Test scripts with Oracle installation without "." at the end of the virtual machine name fall
The role used in the conditional sale, when they decided to cover it with tests. When you roll it over to a prepared vm - the role is fulfilled, it falls through the testkitchen.
Small hint
[root@vm-oracle vagrant]# getent ahosts vm-oracle
127.0.0.1 STREAM vm-oracle
127.0.0.1 DGRAM
127.0.0.1 RAW
[root@vm-oracle vagrant]# getent ahosts vm-oracle.
fe80::a00:27ff:febd:bd6a STREAM vm-oracle
fe80::a00:27ff:febd:bd6a DGRAM
fe80::a00:27ff:febd:bd6a RAW
10.0.2.15 STREAM
10.0.2.15 DGRAM
10.0.2.15 RAW
[root@oracle vagrant]# getent ahosts oracle.example.com.
192.168.128.182 STREAM oracle.example.local
192.168.128.182 DGRAM
192.168.128.182 RAW
Any idea what's going on?
It was a funny script:
- We have enabled IPv4 binding only in the oracle listener settings.
- oracle uses FQDN.
- linux contains a special database "myhostname" for resolving domain names, it was used after the / etc / hosts & dns servers.
- Vagrant creates VM & updates
/etc/hosts
.
I'll explain a little bit:
What happens in the case of vm-oracle ?
- vagrant creates a virtual machine.
- vagrant updates
/etc/hosts
( vm-oracle x2) - oracle listener listens on ipv4.
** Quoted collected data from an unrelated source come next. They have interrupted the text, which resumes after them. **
lemma homogeneous_dominated_by_decay_weight:
  fixes g :: "(real \<times> (real^'n::finite)) \<times> (real \<times> (real^'n)) \<times> (real^'p::finite) \<Rightarrow> real"
    and z \<zeta> :: "real \<times> (real^'n)"
  assumes "z \<noteq> \<zeta>" and \<sigma>_nonneg: "\<forall>i. \<sigma> i \<ge> 0" and \<sigma>s_pos: "\<forall>k. \<sigma>s k > 0" and "\<gamma> \<le> 0"
    and der: "\<And>u. u \<in> Omega \<Longrightarrow> (g has_derivative g' u) (at u)"
    and cont: "\<And>v. continuous_on Omega (\<lambda>u. g' u v)"
    and hom: "homogeneous_on Omega (dilE \<sigma> \<sigma>s) (\<gamma> * (\<Sum>k\<in>UNIV. \<sigma>s k)) g"
  obtains \<delta> M where "\<delta> > 0"
    "\<And>w (\<eta> :: real^'p). w \<in> ball (z, \<zeta>) \<delta> \<Longrightarrow> (fst w, snd w, \<eta>) \<in> Omega"
    "\<And>w \<eta>. w \<in> ball (z, \<zeta>) \<delta> \<Longrightarrow> \<bar>g (fst w, snd w, \<eta>)\<bar> \<le> M * decay_weight \<gamma> \<eta>"
    "\<And>w \<eta> v. w \<in> ball (z, \<zeta>) \<delta> \<Longrightarrow> \<bar>g' (fst w, snd w, \<eta>) v\<bar> \<le> M * decay_weight \<gamma> \<eta> * norm v"
proof -
  let ?\<alpha> = "\<gamma> * (\<Sum>k\<in>UNIV. \<sigma>s k)"
  obtain \<delta> K where "\<delta> > 0" "compact K" "K \<subseteq> Omega"
    and slice: "\<And>w (\<eta> :: real^'p). w \<in> ball (z, \<zeta>) \<delta> \<Longrightarrow> (fst w, snd w, \<eta>) \<in> Omega" and rescaled:
    "\<And>w \<eta>. w \<in> ball (z, \<zeta>) \<delta> \<Longrightarrow> dilE \<sigma> \<sigma>s (1 / max 1 (hom_norm \<sigma>s \<eta>)) (fst w, snd w, \<eta>) \<in> K"
    by (rule rescaled_off_diagonal_in_compact[OF \<open>z \<noteq> \<zeta>\<close> \<sigma>_nonneg \<sigma>s_pos]) (rule that)
  obtain M where "0 \<le> M" and M_g: "\<And>u. u \<in> K \<Longrightarrow> \<bar>g u\<bar> \<le> M"
    and M_g': "\<And>u v. u \<in> K \<Longrightarrow> \<bar>g' u v\<bar> \<le> M * norm v"
    by (rule C1_bounded_on_compact[OF der cont \<open>compact K\<close> \<open>K \<subseteq> Omega\<close>]) (assumption | rule that)+
  have \<sigma>s_nonneg: "\<forall>k. \<sigma>s k \<ge> 0" using \<sigma>s_pos by (simp add: less_imp_le)
  have bounds: "\<bar>g u\<bar> \<le> M * decay_weight \<gamma> \<eta> \<and> (\<forall>v. \<bar>g' u v\<bar> \<le> M * decay_weight \<gamma> \<eta> * norm v)"
    if w: "w \<in> ball (z, \<zeta>) \<delta>" and u: "u = (fst w, snd w, \<eta>)" for w \<eta> u
  proof -
    define r where "r = max 1 (hom_norm \<sigma>s \<eta>)"
    have "r \<ge> 1" by (simp add: r_def)
    define u' where "u' = dilE \<sigma> \<sigma>s (1/r) u"
    have "u' \<in> K" using rescaled[OF w] by (simp add: u'_def u r_def)
    have u_eq: "u = dilE \<sigma> \<sigma>s r u'" using \<open>r \<ge> 1\<close> by (simp add: u'_def dilE_inverse)
    have "r powr ?\<alpha> \<le> decay_weight \<gamma> \<eta>"
      using max_1_hom_norm_powr_le_decay_weight[OF \<sigma>s_pos \<open>\<gamma> \<le> 0\<close>] by (simp add: r_def)
    with \<open>0 \<le> M\<close> have weight: "r powr ?\<alpha> * M \<le> M * decay_weight \<gamma> \<eta>"
      by (simp add: mult.commute mult_left_mono)
    have "u' \<in> Omega" using \<open>u' \<in> K\<close> \<open>K \<subseteq> Omega\<close> by auto
    note dilate = homogeneous_bounds_dilE[OF \<sigma>_nonneg \<sigma>s_nonneg der hom \<open>r \<ge> 1\<close> \<open>u' \<in> Omega\<close>
        M_g[OF \<open>u' \<in> K\<close>] M_g'[OF \<open>u' \<in> K\<close>]]
    have "\<bar>g u\<bar> \<le> M * decay_weight \<gamma> \<eta>"
      using dilate(1) weight unfolding u_eq by linarith
    moreover have "\<bar>g' u v\<bar> \<le> M * decay_weight \<gamma> \<eta> * norm v" for v
      using dilate(2)[of v] mult_right_mono[OF weight norm_ge_zero[of v]] unfolding u_eq by linarith
    ultimately show ?thesis by blast
  qed
  show ?thesis
    by (rule that[OF \<open>\<delta> > 0\<close> slice]) (use bounds in blast)+
qed

lemma has_derivative_reassoc:
  "((\<lambda>w. (fst w, snd w, \<eta>)) has_derivative (\<lambda>h. (fst h, snd h, 0))) (at w)"
  by (auto intro!: derivative_eq_intros)

lemma norm_reassoc_0: "norm (fst h, snd h, 0) = norm h"
  by (cases h) (simp add: norm_Pair)

lemma has_derivative_integral_off_diagonal:
  fixes g :: "(real \<times> (real^'n::finite)) \<times> (real \<times> (real^'n)) \<times> (real^'p::finite) \<Rightarrow> real"
    and z \<zeta> :: "real \<times> (real^'n)"
  assumes "z \<noteq> \<zeta>" and \<sigma>_nonneg: "\<forall>i. \<sigma> i \<ge> 0" and \<sigma>s_pos: "\<forall>k. \<sigma>s k > 0"
    and der: "\<And>u. u \<in> Omega \<Longrightarrow> (g has_derivative g' u) (at u)"
    and cont: "\<And>v. continuous_on Omega (\<lambda>u. g' u v)"
    and hom: "homogeneous_on Omega (dilE \<sigma> \<sigma>s) \<alpha> g"
    and \<alpha>_lt: "\<alpha> < - (\<Sum>k\<in>UNIV. \<sigma>s k)"
  shows "integrable lborel (\<lambda>\<eta>. g (z, \<zeta>, \<eta>))"
    and "\<And>h. integrable lborel (\<lambda>\<eta>. frechet_derivative (\<lambda>w. g (fst w, snd w, \<eta>)) (at (z, \<zeta>)) h)"
    and "((\<lambda>w. \<integral>\<eta>. g (fst w, snd w, \<eta>) \<partial>lborel) has_derivative
          (\<lambda>h. \<integral>\<eta>. frechet_derivative (\<lambda>w. g (fst w, snd w, \<eta>)) (at (z, \<zeta>)) h \<partial>lborel)) (at (z, \<zeta>))"
proof -
  define \<gamma> where "\<gamma> = \<alpha> / (\<Sum>k\<in>UNIV. \<sigma>s k)"
  have "(\<Sum>k\<in>UNIV. \<sigma>s k) > 0" using \<sigma>s_pos by (simp add: sum_pos)
  then have "\<gamma> < -1" and "\<alpha> = \<gamma> * (\<Sum>k\<in>UNIV. \<sigma>s k)"
    using \<alpha>_lt by (simp_all add: \<gamma>_def divide_less_eq)
  with hom obtain \<delta> M where "\<delta> > 0"
    and slice: "\<And>w (\<eta> :: real^'p). w \<in> ball (z, \<zeta>) \<delta> \<Longrightarrow> (fst w, snd w, \<eta>) \<in> Omega"
    and bound_G: "\<And>w \<eta>. w \<in> ball (z, \<zeta>) \<delta> \<Longrightarrow> \<bar>g (fst w, snd w, \<eta>)\<bar> \<le> M * decay_weight \<gamma> \<eta>"
    and bound_g': "\<And>w \<eta> v. w \<in> ball (z, \<zeta>) \<delta> \<Longrightarrow>
      \<bar>g' (fst w, snd w, \<eta>) v\<bar> \<le> M * decay_weight \<gamma> \<eta> * norm v"
    using homogeneous_dominated_by_decay_weight[OF \<open>z \<noteq> \<zeta>\<close> \<sigma>_nonneg \<sigma>s_pos _ der cont, of \<gamma>]
    by auto
  define D where "D w \<eta> h = g' (fst w, snd w, \<eta>) (fst h, snd h, 0::real^'p)"
    for w h :: "(real \<times> (real^'n)) \<times> (real \<times> (real^'n))" and \<eta> :: "real^'p"
  have center: "(z, \<zeta>) \<in> ball (z, \<zeta>) \<delta>" using \<open>\<delta> > 0\<close> by simp
  have der_G: "((\<lambda>w. g (fst w, snd w, \<eta>)) has_derivative D w \<eta>) (at w)"
    if "w \<in> ball (z, \<zeta>) \<delta>" for w \<eta>
    using diff_chain_at[OF has_derivative_reassoc der[OF slice[OF that]]]
    unfolding D_def[abs_def] comp_def .
  have bound_D: "\<bar>D w \<eta> h\<bar> \<le> M * decay_weight \<gamma> \<eta> * norm h" if "w \<in> ball (z, \<zeta>) \<delta>" for w \<eta> h
    using bound_g'[OF that, of \<eta> "(fst h, snd h, 0)"] unfolding D_def norm_reassoc_0 .
  have "continuous_on Omega g"
    by (rule has_derivative_continuous_on[OF has_derivative_at_withinI[OF der]])
  have continuous_slice: "continuous_on UNIV (\<lambda>\<eta>. f (fst w, snd w, \<eta>))"
    if "continuous_on Omega f" "w \<in> ball (z, \<zeta>) \<delta>"
    for f :: "(real \<times> (real^'n)) \<times> (real \<times> (real^'n)) \<times> (real^'p) \<Rightarrow> real" and w
  proof (rule continuous_on_compose2[OF that(1)])
    show "continuous_on UNIV (\<lambda>\<eta>::real^'p. (fst w, snd w, \<eta>))" by (intro continuous_intros)
    show "range (\<lambda>\<eta>::real^'p. (fst w, snd w, \<eta>)) \<subseteq> Omega" using slice[OF that(2)] by blast
  qed
  have meas_G: "(\<lambda>\<eta>. g (fst w, snd w, \<eta>)) \<in> borel_measurable lborel" if "w \<in> ball (z, \<zeta>) \<delta>" for w
    using continuous_slice[OF \<open>continuous_on Omega g\<close> that] by (simp add: borel_measurable_continuous_onI)
  have meas_D: "(\<lambda>\<eta>. D (z, \<zeta>) \<eta> h) \<in> borel_measurable lborel" for h
    using continuous_slice[OF cont center] by (simp add: D_def borel_measurable_continuous_onI)
  note leibniz_hyps = \<open>\<delta> > 0\<close> der_G bound_G bound_D
    integrable_mult_right[OF integrable_decay_weight[OF \<open>\<gamma> < -1\<close>]] meas_G meas_D
  have D_eq: "D (z, \<zeta>) \<eta> = frechet_derivative (\<lambda>w. g (fst w, snd w, \<eta>)) (at (z, \<zeta>))" for \<eta>
    using frechet_derivative_at[OF der_G[OF center]] .
  show "integrable lborel (\<lambda>\<eta>. g (z, \<zeta>, \<eta>))"
    using integrable_parametric[OF leibniz_hyps center] by simp
  show "\<And>h. integrable lborel (\<lambda>\<eta>. frechet_derivative (\<lambda>w. g (fst w, snd w, \<eta>)) (at (z, \<zeta>)) h)"
    using integrable_parametric_derivative[OF leibniz_hyps] by (simp add: D_eq)
  show "((\<lambda>w. \<integral>\<eta>. g (fst w, snd w, \<eta>) \<partial>lborel) has_derivative
          (\<lambda>h. \<integral>\<eta>. frechet_derivative (\<lambda>w. g (fst w, snd w, \<eta>)) (at (z, \<zeta>)) h \<partial>lborel)) (at (z, \<zeta>))"
    using has_derivative_integral[OF leibniz_hyps] by (simp add: D_eq)
qed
- oracle listeners resolves the domain name vm-oracle. & gets IPv6.
- FAILED
What happens in the case of vm-oracle. ?
- vagrant creates a virtual machine.
- vagrant updates / etc / hosts ( vm-oracle & vm-oracle. ).
- oracle listener listens on ipv4.
- oracle listeners resolves the domain name vm-oracle. & gets IPv4
- Ok
OOM comes to visit us
OOM randomly killed virtual machines. In this case, Testkitchen in its logs gave all sorts of strange messages.
Solution: Increase the amount of memory.
Slow builds
This whole scheme worked slowly, for tens of minutes, sometimes more than an hour.
Solutions:
- Packer . Precompile images of virtual machines.
- Run some test scripts in parallel
Conclusion
If we say that infrastructure is code, then the same philosophy should be applied to its creation as for software development. On the one hand, it turned out to be a working solution, but there are some unpleasant moments:
- Not friendly it all looks.
- A mixture of ruby & python.
- There is a lack of validation and role implication.
- Works slowly.
- Complicated....
At the output, a molecule with docker looks interesting and more native. We are thinking about it.